Clarity: While the paper is technically interesting, the motivation presented in Section 1 is not clear. The paper is more of a technical exercise and lacks intuitive explanation. A better approach would have been to introduce the PCA problem (as discussed in Section 4.1) in Section 2 or may be even elaborate it in Section 1 so that the reader is introduced to the operator theoretic interpretation of PCA. With this motivation, one can generalize this notion as it is done in Section 2. I think this will improve the readability of the paper. As a minor comment, there are few typos, e.g., usage of "it is", which need to be fixed.

Originality and Significance: The paper is technically interesting and is mathematically correct.

1. In the paragraph below Eq. 2, it is mentioned that d_{\alpha,p} is a metric for 0\le\alpha\le 1/2 and 1\le p\le\infty. However, in Proposition D.1 says that it is also a metric for 1/2\le \alpha\le 1. Its not clear why this restriction to 0\le\alpha\le 1/2? I dont see that such a restriction is needed at least at this point.

2. In the proof of Proposition D.1, it is mentioned that S_\rho=Ran C. Isn't it the closure of Ran C by Proposition D.3?

3. As mentioned above, it will be better to motivate the work through PCA and use proposition D.4 to motivate Eq. 2. While one might wonder are there any interesting values of \alpha and p other than 1/2 and 2, then you can present the application of set estimation where \alpha and p take values other than these.

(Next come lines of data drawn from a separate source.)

lemma error_at_level:
  assumes "i \<le> l"
  shows "(\<Sum>c\<in>cells_at i. \<bar>restrict_to (noisy_Ps l s \<nu>) (\<Union>j\<le>l. S j) c - Ps l s c\<bar>)
    = (1/2) ^ i * (\<Sum>c\<in>S i. \<bar>\<nu> c\<bar>) + mass (cells_at i - S i - T) + mass (missed i)"
proof -
  let ?err = "\<lambda>c. \<bar>restrict_to (noisy_Ps l s \<nu>) (\<Union>j\<le>l. S j) c - Ps l s c\<bar>"
  have selected_iff: "c \<in> (\<Union>j\<le>l. S j) \<longleftrightarrow> c \<in> S i" if "c \<in> cells_at i" for c
  proof
    assume "c \<in> (\<Union>j\<le>l. S j)"
    then obtain j where "j \<le> l" "c \<in> S j" by blast
    then have "level c = j"
      using S_subset_cells_at level_cells_at by blast
    then show "c \<in> S i"
      using \<open>c \<in> S j\<close> level_cells_at[OF that] by simp
  qed (use assms in blast)
  have "sum ?err (cells_at i) = sum ?err (S i) + sum ?err (cells_at i - S i)"
    using sum.subset_diff[OF S_subset_cells_at[OF assms] finite_cells_at, of ?err] by simp
  also have "sum ?err (S i) = (\<Sum>c\<in>S i. (1/2) ^ i * \<bar>\<nu> c\<bar>)"
  proof (rule sum.cong)
    fix c
    assume "c \<in> S i"
    then have "c \<in> cells_at i"
      using assms S_subset_cells_at by blast
    then show "?err c = (1/2) ^ i * \<bar>\<nu> c\<bar>"
      using \<open>c \<in> S i\<close> assms selected_iff noisy_Ps_eq by (simp add: restrict_to_def abs_mult)
  qed simp
  also have "sum ?err (cells_at i - S i) = mass (cells_at i - S i)"
    using selected_iff s_nonneg Ps_nonneg by (intro sum.cong) (auto simp: restrict_to_def)
  also have "cells_at i - S i = (cells_at i - S i - T) \<union> missed i"
    by auto
  also have "mass \<dots> = mass (cells_at i - S i - T) + mass (missed i)"
    by (rule sum.union_disjoint) auto
  finally show ?thesis by (simp add: sum_distrib_left)
qed

lemma optimum_error_at_level:
  assumes "supp y \<subseteq> T" "i \<le> l"
  shows "mass (S i - T) + mass (cells_at i - S i - T) \<le> (\<Sum>c\<in>cells_at i. \<bar>y c - Ps l s c\<bar>)"
proof -
  have "mass (S i - T) + mass (cells_at i - S i - T) = mass (cells_at i - T)"
    using assms(2) S_subset_cells_at finite_S
    by (subst sum.union_disjoint[symmetric]) (auto intro: arg_cong[where f = mass])
  also have "\<dots> = (\<Sum>c\<in>cells_at i - T. \<bar>y c - Ps l s c\<bar>)"
  proof (rule sum.cong)
    fix c
    assume "c \<in> cells_at i - T"
    then have "y c = 0"
      using assms(1) by (auto simp: supp_def)
    then show "Ps l s c = \<bar>y c - Ps l s c\<bar>"
      using Ps_nonneg[OF s_nonneg] by simp
  qed simp
  also have "\<dots> \<le> (\<Sum>c\<in>cells_at i. \<bar>y c - Ps l s c\<bar>)"
    by (rule sum_mono2) auto
  finally show ?thesis .
qed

4. In theorem 3.2, corollary 3.3 and remark 3.4, it is not mentioned that \alpha > 1/(rp). Without this condition, the estimator will not be consistent. This means for a fixed \alpha, p > 1/(r\alpha) which means the results do not hold for all 0\le p\le \infty as mentioned in the statements. Similar is the case with $\alpha$ where for a fixed p, the results hold only for \alpha > 1/(rp), or it should be assumed that r > max(1,1/(p\alpha))

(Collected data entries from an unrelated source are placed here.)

lemma comb_kripke_tree: "kripke_tree (comb n)"
proof -
  have "w \<in> comb_nodes n" if "w @ [d] \<in> comb_nodes n" for w d
    using that unfolding comb_nodes_def by (auto simp: nth_append count_list_append)
  moreover have "\<exists>d. w @ [d] \<in> comb_nodes n" if "w \<in> comb_nodes n" for w
    using comb_children[OF that] by (metis insertI1 mem_Collect_eq)
  moreover have "[] \<in> comb_nodes n"
    by (simp add: comb_nodes_def)
  ultimately show ?thesis
    unfolding kripke_tree_def comb_def by auto
qed

lemma comb_sat: "sat_s (comb n) [] f = csat_s (Before n) f"
proof -
  have "[] \<in> nodes (comb n)"
    by (simp add: comb_def comb_nodes_def)
  then show ?thesis
    using tree_unfolding.sat_eq_ks_sat(1)[OF comb_tree_unfolding] by (simp add: comb_state_def)
qed

lemma comb_spine_path: "is_path (comb n) [] (\<lambda>k. replicate k 0)"
  unfolding is_path_def
proof (intro conjI allI exI)
  have spine: "replicate k 0 \<in> comb_nodes n" for k
    unfolding comb_nodes_def by auto
  then show "[] \<in> nodes (comb n)"
    using spine[of 0] by (simp add: comb_def)
  fix k
  show "replicate (Suc k) 0 = replicate k 0 @ [0]"
    by (simp add: replicate_append_same)
  show "replicate (Suc k) 0 \<in> nodes (comb n)"
    using spine[of "Suc k"] by (simp add: comb_def)
qed simp

lemma comb_in_L2_iff: "comb n \<in> L2 \<longleftrightarrow> odd n"
proof
  assume "comb n \<in> L2"
  then obtain \<pi> where \<pi>: "is_path (comb n) [] \<pi>" "\<forall>k. () \<notin> lab (comb n) (\<pi> k)"
    "\<forall>i. \<exists>d. \<pi> (2 * i) @ [d] \<in> nodes (comb n) \<and> () \<in> lab (comb n) (\<pi> (2 * i) @ [d])"
    unfolding L2_def by auto
  show "odd n"
  proof
    assume "even n"
    then obtain i where i: "n = 2 * i" by blast
    obtain d where d: "\<pi> n @ [d] \<in> comb_nodes n" "1 \<in> set (\<pi> n @ [d])"
      using \<pi>(3) i unfolding comb_def by (auto split: if_splits)
    have "1 \<notin> set (\<pi> n)" using \<pi>(2) unfolding comb_def by (auto split: if_splits)
    then have "d = 1" using d(2) by auto
    then show False
      using d(1) length_is_path[OF \<pi>(1), of n] unfolding comb_nodes_def by (auto simp: nth_append)
  qed
next
  assume "odd n"
  have "is_path (comb n) [] (\<lambda>k. replicate k 0)"
    by (rule comb_spine_path)
  moreover have "replicate (2 * i) 0 @ [1] \<in> comb_nodes n" for i
  proof -
    have "n \<noteq> 2 * i" using \<open>odd n\<close> by auto
    then show ?thesis unfolding comb_nodes_def by (auto simp: nth_append count_list_append)
  qed
  ultimately show "comb n \<in> L2"
    unfolding L2_def using comb_kripke_tree by (auto simp: comb_def intro!: exI[of _ "\<lambda>k. replicate k 0"])
qed

section \<open>Deep spine states are indistinguishable\<close>

lemma comb_path_Tooth_stays:
  assumes "comb_path \<rho>" "\<rho> t = Tooth" "t \<le> k"
  shows "\<rho> k = Tooth"
  using assms(3)
proof (induction k rule: dec_induct)
  case (step k)
  have "\<rho> (Suc k) \<in> comb_succ (\<rho> k)" using assms(1) by (simp add: ks_path_def)
  then show ?case using step.IH by simp
qed (rule assms(2))

lemma comb_path_from_Before:
  assumes "comb_path \<rho>" "\<rho> 0 = Before i" "k \<le> i"
  shows "\<rho> k = Before (i - k) \<or> \<rho> k = Tooth"
  using assms(3)
proof (induction k)
  case (Suc k)
  have "i - k = Suc (i - Suc k)" using Suc.prems by simp
  then have "\<rho> k = Before (Suc (i - Suc k)) \<or> \<rho> k = Tooth" using Suc by simp
  moreover have "\<rho> (Suc k) \<in> comb_succ (\<rho> k)" using assms(1) by (simp add: ks_path_def)
  ultimately show ?case by auto
qed (simp add: assms(2))

lemma comb_path_cases:
  assumes "comb_path \<rho>" "\<rho> 0 = Before i" "h \<le> i"
  shows "(\<forall>k<h. \<rho> k = Before (i - k)) \<or> (\<forall>k. \<rho> k = Tooth \<or> (\<exists>j. \<rho> k = Before j \<and> i < j + h))"
proof (cases "\<forall>k<h. \<rho> k = Before (i - k)")
  case False
  then obtain k0 where k0: "k0 < h" "\<rho> k0 \<noteq> Before (i - k0)" by auto
  then have "\<rho> k0 = Tooth" using comb_path_from_Before[OF assms(1,2), of k0] assms(3) by auto
  have "\<rho> k = Tooth \<or> (\<exists>j. \<rho> k = Before j \<and> i < j + h)" for k
  proof (cases "k0 \<le> k")
    case True
    then show ?thesis using comb_path_Tooth_stays[OF assms(1) \<open>\<rho> k0 = Tooth\<close>] by blast
  next
    case False
    then show ?thesis using comb_path_from_Before[OF assms(1,2), of k] k0(1) assms(3) by auto
  qed
  then show ?thesis by blast
qed simp

definition before_map :: "(nat \<Rightarrow> nat) \<Rightarrow> comb_st \<Rightarrow> comb_st" where
  "before_map f s = (case s of Before j \<Rightarrow> Before (f j) | _ \<Rightarrow> s)"

lemma comb_path_before_map:
  assumes "comb_path \<rho>" and "\<And>k j. \<rho> k = Before j \<Longrightarrow> 0 < j \<and> f j = Suc (f (j - 1))"
  shows "comb_path (before_map f \<circ> \<rho>)"
  unfolding ks_path_def
proof
  fix k
  have step: "\<rho> (Suc k) \<in> comb_succ (\<rho> k)" using assms(1) by (simp add: ks_path_def)
  show "(before_map f \<circ> \<rho>) (Suc k) \<in> comb_succ ((before_map f \<circ> \<rho>) k)"
  proof (cases "\<rho> k")
    case (Before j)
    have j: "0 < j" "f j = Suc (f (j - 1))" using assms(2)[OF Before] by auto
    obtain j' where j': "j = Suc j'" using j(1) by (cases j) auto
    have "\<rho> (Suc k) \<in> {Before j', Tooth}"
      using step Before j' by simp
    then show ?thesis using Before j(2) j' by (auto simp: before_map_def)
  qed (use step in \<open>auto simp: before_map_def\<close>)
qed

definition far :: "nat \<Rightarrow> comb_st \<Rightarrow> bool" where
  "far T s \<longleftrightarrow> (\<exists>a \<ge> T. s = Before a)"

definition far_eq :: "nat \<Rightarrow> comb_st \<Rightarrow> comb_st \<Rightarrow> bool" where
  "far_eq T s t \<longleftrightarrow> s = t \<or> far T s \<and> far T t"

lemma far_mono: "far T s \<Longrightarrow> T' \<le> T \<Longrightarrow> far T' s"
  unfolding far_def by auto

lemma far_eq_mono: "far_eq T s t \<Longrightarrow> T' \<le> T \<Longrightarrow> far_eq T' s t"
  unfolding far_eq_def far_def by auto

lemma far_eq_if_Suc_invariant:
  assumes "\<And>i. N \<le> i \<Longrightarrow> P (Before (Suc i)) = P (Before i)" "far_eq N s t"
  shows "P s = P t"
proof -
  have to_N: "P (Before a) = P (Before N)" if "N \<le> a" for a
    using that by (induction a rule: dec_induct) (simp_all add: assms(1))
  from assms(2) consider "s = t" | a b where "s = Before a" "t = Before b" "N \<le> a" "N \<le> b"
    unfolding far_eq_def far_def by blast
  then show ?thesis
  proof cases
    case 2
    then show ?thesis using to_N[OF 2(3)] to_N[OF 2(4)] by simp
  qed simp
qed

definition far_invariant :: "nat \<Rightarrow> unit sform \<Rightarrow> bool" where
  "far_invariant T f \<longleftrightarrow> (\<forall>s t. far_eq T s t \<longrightarrow> csat_s s f = csat_s t f)"

definition far_congruent :: "nat \<Rightarrow> unit pform \<Rightarrow> bool" where
  "far_congruent T g \<longleftrightarrow>
     (\<forall>\<rho> \<rho>' i. (\<forall>k. far_eq T (\<rho> k) (\<rho>' k)) \<longrightarrow> csat_p \<rho> i g = csat_p \<rho>' i g)"

definition stutter_invariant :: "nat \<Rightarrow> nat \<Rightarrow> unit pform \<Rightarrow> bool" where
  "stutter_invariant T h g \<longleftrightarrow>
     (\<forall>\<rho> i. (\<forall>k \<le> h. far T (\<rho> (i + k))) \<longrightarrow> csat_p \<rho> (Suc i) g = csat_p \<rho> i g)"

lemma far_invariant_mono: "far_invariant T f \<Longrightarrow> T \<le> T' \<Longrightarrow> far_invariant T' f"
  unfolding far_invariant_def using far_eq_mono by blast

lemma far_congruent_mono: "far_congruent T g \<Longrightarrow> T \<le> T' \<Longrightarrow> far_congruent T' g"
  unfolding far_congruent_def using far_eq_mono by blast

lemma stutter_invariant_mono:
  "stutter_invariant T h g \<Longrightarrow> T \<le> T' \<Longrightarrow> h \<le> h' \<Longrightarrow> stutter_invariant T' h' g"
  unfolding stutter_invariant_def using far_mono by (meson order_trans)

lemma card_comb_succ_Before:
  "card {u \<in> comb_succ (Before (Suc a)). P u} = of_bool (P (Before a)) + of_bool (P Tooth)"
proof -
  have "{u \<in> comb_succ (Before (Suc a)). P u}
      = (if P (Before a) then {Before a} else {}) \<union> (if P Tooth then {Tooth} else {})"
    by auto
  then show ?thesis by simp
qed

text \<open>
  A path from a deep \<open>Before\<close> state either follows the spine for more than \<open>h\<close> steps, and
  then dropping or duplicating its first state is invisible by stuttering, or it enters a
  tooth earlier, and then all its \<open>Before\<close> states are deep and shifting their distances by
  one is invisible by congruence.
\<close>

context
  fixes g :: "unit pform" and T h :: nat
  assumes congruent: "far_congruent T g"
    and stutter: "stutter_invariant T h g"
begin

lemma before_map_deep_path:
  assumes \<rho>: "comb_path \<rho>" and deep: "\<And>k j. \<rho> k = Before j \<Longrightarrow> T + 2 \<le> j"
    and f: "\<And>j. T + 2 \<le> j \<Longrightarrow> T \<le> f j \<and> f j = Suc (f (j - 1))"
  shows "comb_path (before_map f \<circ> \<rho>)" "csat_p (before_map f \<circ> \<rho>) 0 g = csat_p \<rho> 0 g"
proof -
  show "comb_path (before_map f \<circ> \<rho>)"
    using \<rho> by (rule comb_path_before_map) (use deep f in force)
  have "far_eq T (\<rho> k) ((before_map f \<circ> \<rho>) k)" for k
  proof (cases "\<rho> k")
    case (Before j)
    then show ?thesis
      using deep[OF Before] f[OF deep[OF Before]] by (auto simp: before_map_def far_eq_def far_def)
  qed (simp_all add: before_map_def far_eq_def)
  then show "csat_p (before_map f \<circ> \<rho>) 0 g = csat_p \<rho> 0 g"
    using congruent unfolding far_congruent_def by blast
qed

lemma csat_SE_Before_Suc_imp:
  assumes i: "T + h + 2 \<le> i" and sat: "csat_s (Before (Suc i)) (SE g)"
  shows "csat_s (Before i) (SE g)"
proof -
  obtain \<rho> where \<rho>: "\<rho> 0 = Before (Suc i)" "comb_path \<rho>" "csat_p \<rho> 0 g"
    using sat by auto
  from comb_path_cases[OF \<rho>(2,1), of "Suc (Suc h)"] i
  consider (spine) "\<forall>k<Suc (Suc h). \<rho> k = Before (Suc i - k)"
    | (tooth) "\<forall>k. \<rho> k = Tooth \<or> (\<exists>j. \<rho> k = Before j \<and> Suc i < j + Suc (Suc h))"
    by fastforce
  then show ?thesis
  proof cases
    case spine
    have "\<forall>k \<le> h. far T (\<rho> (0 + k))"
      using spine i by (auto simp: far_def)
    then have "csat_p \<rho> (Suc 0) g = csat_p \<rho> 0 g"
      using stutter unfolding stutter_invariant_def by blast
    then have "csat_p (\<lambda>k. \<rho> (Suc k)) 0 g"
      using \<rho>(3) by (simp add: ks_sat_p_suffix)
    moreover have "comb_path (\<lambda>k. \<rho> (Suc k))"
      using \<rho>(2) by (simp add: ks_path_def)
    moreover have "\<rho> (Suc 0) = Before i"
      using spine by simp
    ultimately show ?thesis by auto
  next
    case tooth
    let ?\<rho>' = "before_map (\<lambda>j. j - 1) \<circ> \<rho>"
    have deep: "T + 2 \<le> j" if "\<rho> k = Before j" for k j
      using tooth[rule_format, of k] that i by auto
    have "comb_path ?\<rho>'"
      by (rule before_map_deep_path(1)[OF \<rho>(2) deep]) auto
    moreover have "csat_p ?\<rho>' 0 g = csat_p \<rho> 0 g"
      by (rule before_map_deep_path(2)[OF \<rho>(2) deep]) auto
    moreover have "?\<rho>' 0 = Before i"
      by (simp add: \<rho>(1) before_map_def)
    ultimately show ?thesis using \<rho>(3) by (simp only: ks_sat_s.simps) blast
  qed
qed

lemma csat_SE_Before_imp_Suc:
  assumes i: "T + h + 2 \<le> i" and sat: "csat_s (Before i) (SE g)"
  shows "csat_s (Before (Suc i)) (SE g)"
proof -
  obtain \<rho> where \<rho>: "\<rho> 0 = Before i" "comb_path \<rho>" "csat_p \<rho> 0 g"
    using sat by auto
  from comb_path_cases[OF \<rho>(2,1), of "Suc h"] i
  consider (spine) "\<forall>k<Suc h. \<rho> k = Before (i - k)"
    | (tooth) "\<forall>k. \<rho> k = Tooth \<or> (\<exists>j. \<rho> k = Before j \<and> i < j + Suc h)"
    by fastforce
  then show ?thesis
  proof cases
    case spine
    define \<rho>' where "\<rho>' = case_nat (Before (Suc i)) \<rho>"
    have "\<forall>k \<le> h. far T (\<rho>' (0 + k))"
      using spine i by (auto simp: \<rho>'_def far_def split: nat.split)
    then have "csat_p \<rho>' (Suc 0) g = csat_p \<rho>' 0 g"
      using stutter unfolding stutter_invariant_def by blast
    moreover have "csat_p \<rho>' (Suc 0) g = csat_p \<rho> 0 g"
      using ks_sat_p_suffix[of comb_succ comb_lab \<rho>' 0 g] by (simp add: \<rho>'_def)
    moreover have "comb_path \<rho>'"
      using \<rho>(1,2) by (auto simp: \<rho>'_def ks_path_def split: nat.split)
    moreover have "\<rho>' 0 = Before (Suc i)"
      by (simp add: \<rho>'_def)
    ultimately show ?thesis using \<rho>(3) by (simp only: ks_sat_s.simps) metis
  next
    case tooth
    let ?\<rho>' = "before_map (Suc) \<circ> \<rho>"
    have deep: "T + 2 \<le> j" if "\<rho> k = Before j" for k j
      using tooth[rule_format, of k] that i by auto
    have "comb_path ?\<rho>'"
      by (rule before_map_deep_path(1)[OF \<rho>(2) deep]) auto
    moreover have "csat_p ?\<rho>' 0 g = csat_p \<rho> 0 g"
      by (rule before_map_deep_path(2)[OF \<rho>(2) deep]) auto
    moreover have "?\<rho>' 0 = Before (Suc i)"
      by (simp add: \<rho>(1) before_map_def)
    ultimately show ?thesis using \<rho>(3) by (simp only: ks_sat_s.simps) blast
  qed
qed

5. Line 126: postponed to "Section 7"

6. The discussion about the non-requirement of regularizer from a statistical view point is not clear. Can you please elaborate what is making the difference compared to [11], that the proposed formulation does not require a regularizer even from statistical point of view. It is clear that some regularizer is needed for numerical stability but the lack of it is surprising from statistical sense.

7. While the proof technique is interesting and non-trivial, it appears that one can just do the entire analysis with p=2, i.e., Hilbert-Schmidt norm. Since the Schatten p-norm is a p-norm of the sequence of singular values (which can be countable in number as the operators considered are compact), it easy to check that ||A||_q\le ||A||_p for any 0 < p < q\le infty (because of the inclusion of l^p space in l^q). This means the analysis can simply by carried out using p=2 for any while bouding ||A||_p for any p\ge 2. This means classical Bernstein's inequality in Hilbert spaces can be used without needing sophisticated tools like Theorem B.1. Similarly for the case with 1\le p\le 2, one can bound ||A||_p by ||A||_1 in deriving from (14) onwards where one can use Holder and convert the analysis into bounding HS norms of certain operators.

While I do not find anything wrong the current analysis and it is indeed nice, I am just wondering whether one needs the approach used in the paper to get sharp rates or one can still get such rates using the above mentioned analysis using HS norms. If one really needs the approach used in the paper to get sharp rates, this has to be highlighted along with a possible reason showing where HS approach fails.
A general formulation for the problem of learning subspace from samples is proposed along with learning rates under certain conditions on the spectrum of the covariance operator associated with the data distribution. The paper is theoretically interesting, mathematically correct and provides sharper learning rates for PCA and spectral support estimation. However, the clarity and organization of the paper has to be improved along with providing intuitive explanation of the theoretical results.
Author Feedback

Q1:Author rebuttal: Please respond to any concerns raised in the reviews. There are no constraints on how you want to argue your case, except for the fact that your text should be limited to a maximum of 6000 characters. Note however that reviewers and area chairs are very busy and may not read long vague rebuttals. It is in your own interest to be concise and to the point.
* "I am wondering whether one needs the approach used in the paper to get sharp rates or one can still get such rates [...]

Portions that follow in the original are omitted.